Dataset extract section start
(* Let $(E,\mathcal{I})$ be a $p$-system for an integer $p\ge 1$. Suppose the utility function $f:2^E\times O^E\to\mathbb{R}_{\ge0}$ is worst-case monotone and worst-case submodular with respect to the prior $p(\phi)$, and satisfies minimal dependency. Let $\pi^w$ be the adaptive worst-case greedy policy for $(E,\mathcal{I})$ and let $\pi^*_{wc}$ be an optimal worst-case policy for $(E,\mathcal{I})$. Then $$f_{wc}(\pi^w)\ \ge\ \frac{1}{p+1}\,f_{wc}(\pi^*_{wc}).$$
   Context: Setting. $E$ is a finite set of $n$ items and $O$ a finite set of states. A realization is a function $\phi:E\to O$; $p$ is a probability distribution (prior) on the set of all realizations, $\Phi$ denotes a random realization with law $p$, and $U^+=\{\phi: p(\phi)>0\}$. A partial realization is a function $\psi:S\to O$ with $S\subseteq E$, $\mathrm{dom}(\psi)=S$; it is identified with the set of pairs $\{(e,\psi(e)):e\in S\}$, so $\psi\subseteq\psi'$ means $\mathrm{dom}(\psi)\subseteq\mathrm{dom}(\psi')$ and they agree on $\mathrm{dom}(\psi)$. A realization $\phi$ is consistent with $\psi$, written $\phi\sim\psi$, if it agrees with $\psi$ on $\mathrm{dom}(\psi)$. Only partial realizations with $\Pr[\Phi\sim\psi]>0$ are considered, and $p(\phi\mid\psi)=\Pr[\Phi=\phi\mid\Phi\sim\psi]$. For $S\subseteq E$ and a partial realization $\psi$, $f(S,\psi)=\mathbb{E}[f(S,\Phi)\mid\Phi\sim\psi]$. For $e\notin\mathrm{dom}(\psi)$, let $O(e,\psi)=\{o\in O:\exists\phi\text{ with }p(\phi\mid\psi)>0,\ \phi(e)=o\}$ and define the worst-case marginal utility $f_{wc}(e\mid\psi)=\min_{o\in O(e,\psi)}\{f(\mathrm{dom}(\psi)\cup\{e\},\psi\cup\{(e,o)\})-f(\mathrm{dom}(\psi),\psi)\}$. $f$ is worst-case submodular if $f_{wc}(e\mid\psi)\ge f_{wc}(e\mid\psi')$ for all partial realizations $\psi\subseteq\psi'$ and all $e\in E\setminus\mathrm{dom}(\psi')$; it is worst-case monotone if $f_{wc}(e\mid\psi)\ge0$ for all $\psi$ and $e\notin\mathrm{dom}(\psi)$. $f$ satisfies minimal dependency if $f(\mathrm{dom}(\psi),\psi)=f(\mathrm{dom}(\psi),\phi)$ for every partial realization $\psi$ and every $\phi\in U^+$ with $\phi\sim\psi$. Policies. A (deterministic) policy $\pi$ is a rule which, given the current observation (the partial realization of the items selected so far), either selects a new item or stops; after an item $e$ is selected under realization $\phi$, the state $\phi(e)$ is observed. $E(\pi,\phi)$ is the set of items selected by $\pi$ under $\phi$. The worst-case utility is $f_{wc}(\pi)=\min_{\phi\in U^+}f(E(\pi,\phi),\phi)$. Independence systems. $(E,\mathcal{I})$ with $\mathcal{I}\subseteq 2^E$ is an independence system if $\emptyset\in\mathcal{I}$ and $\mathcal{I}$ is downward closed. For $R\subseteq E$, a base of $R$ is a maximal (under inclusion) set $B\subseteq R$ with $B\in\mathcal{I}$. $(E,\mathcal{I})$ is a $p$-system if for every $R\subseteq E$, $p\cdot\min_B|B|\ge\max_B|B|$, the min and max over bases $B$ of $R$. An optimal worst-case policy $\pi^*_{wc}$ for $(E,\mathcal{I})$ maximizes $f_{wc}(\pi)$ over all policies $\pi$ with $E(\pi,\phi)\in\mathcal{I}$ for all $\phi\in U^+$. Adaptive worst-case greedy policy $\pi^w$: start with $\psi_0=\emptyset$; at step $t=1,2,\dots$ let $V_t=\{e\in E\setminus\mathrm{dom}(\psi_{t-1}): \mathrm{dom}(\psi_{t-1})\cup\{e\}\in\mathcal{I}\}$; if $V_t=\emptyset$ stop; otherwise select $e_t\in\arg\max_{e\in V_t}f_{wc}(e\mid\psi_{t-1})$ (ties broken arbitrarily), observe $\Phi(e_t)$ and set $\psi_t=\psi_{t-1}\cup\{(e_t,\Phi(e_t))\}$. *)

theory Defs
  imports Complex_Main
begin

text \<open>Items are the finite type 'e (E = UNIV), states the finite type 'o (O = UNIV).
  Realizations are total functions 'e => 'o, partial realizations are maps 'e ~=> 'o.\<close>

definition prior :: "(('e::finite \<Rightarrow> 'o::finite) \<Rightarrow> real) \<Rightarrow> bool" where
  "prior pr \<longleftrightarrow> (\<forall>\<phi>. pr \<phi> \<ge> 0) \<and> (\<Sum>\<phi>\<in>UNIV. pr \<phi>) = 1"

definition consistent :: "('e \<Rightarrow> 'o) \<Rightarrow> ('e \<rightharpoonup> 'o) \<Rightarrow> bool" where
  "consistent \<phi> \<psi> \<longleftrightarrow> (\<forall>e\<in>dom \<psi>. \<psi> e = Some (\<phi> e))"

definition prob_cons :: "(('e::finite \<Rightarrow> 'o::finite) \<Rightarrow> real) \<Rightarrow> ('e \<rightharpoonup> 'o) \<Rightarrow> real" where
  "prob_cons pr \<psi> = (\<Sum>\<phi>\<in>{\<phi>. consistent \<phi> \<psi>}. pr \<phi>)"

definition valid :: "(('e::finite \<Rightarrow> 'o::finite) \<Rightarrow> real) \<Rightarrow> ('e \<rightharpoonup> 'o) \<Rightarrow> bool" where
  "valid pr \<psi> \<longleftrightarrow> prob_cons pr \<psi> > 0"

definition cond_f :: "(('e::finite \<Rightarrow> 'o::finite) \<Rightarrow> real) \<Rightarrow> ('e set \<Rightarrow> ('e \<Rightarrow> 'o) \<Rightarrow> real)
    \<Rightarrow> 'e set \<Rightarrow> ('e \<rightharpoonup> 'o) \<Rightarrow> real" where
  "cond_f pr f S \<psi> = (\<Sum>\<phi>\<in>{\<phi>. consistent \<phi> \<psi>}. pr \<phi> * f S \<phi>) / prob_cons pr \<psi>"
Dataset extract section end
**What needs to be done**
What do the lines above say from the one containing "theory Defs" down to the one containing "Realizations are total"? Return them exactly, both end lines included, and only them.

**Expected output**
theory Defs
  imports Complex_Main
begin

text \<open>Items are the finite type 'e (E = UNIV), states the finite type 'o (O = UNIV).
  Realizations are total functions 'e => 'o, partial realizations are maps 'e ~=> 'o.\<close>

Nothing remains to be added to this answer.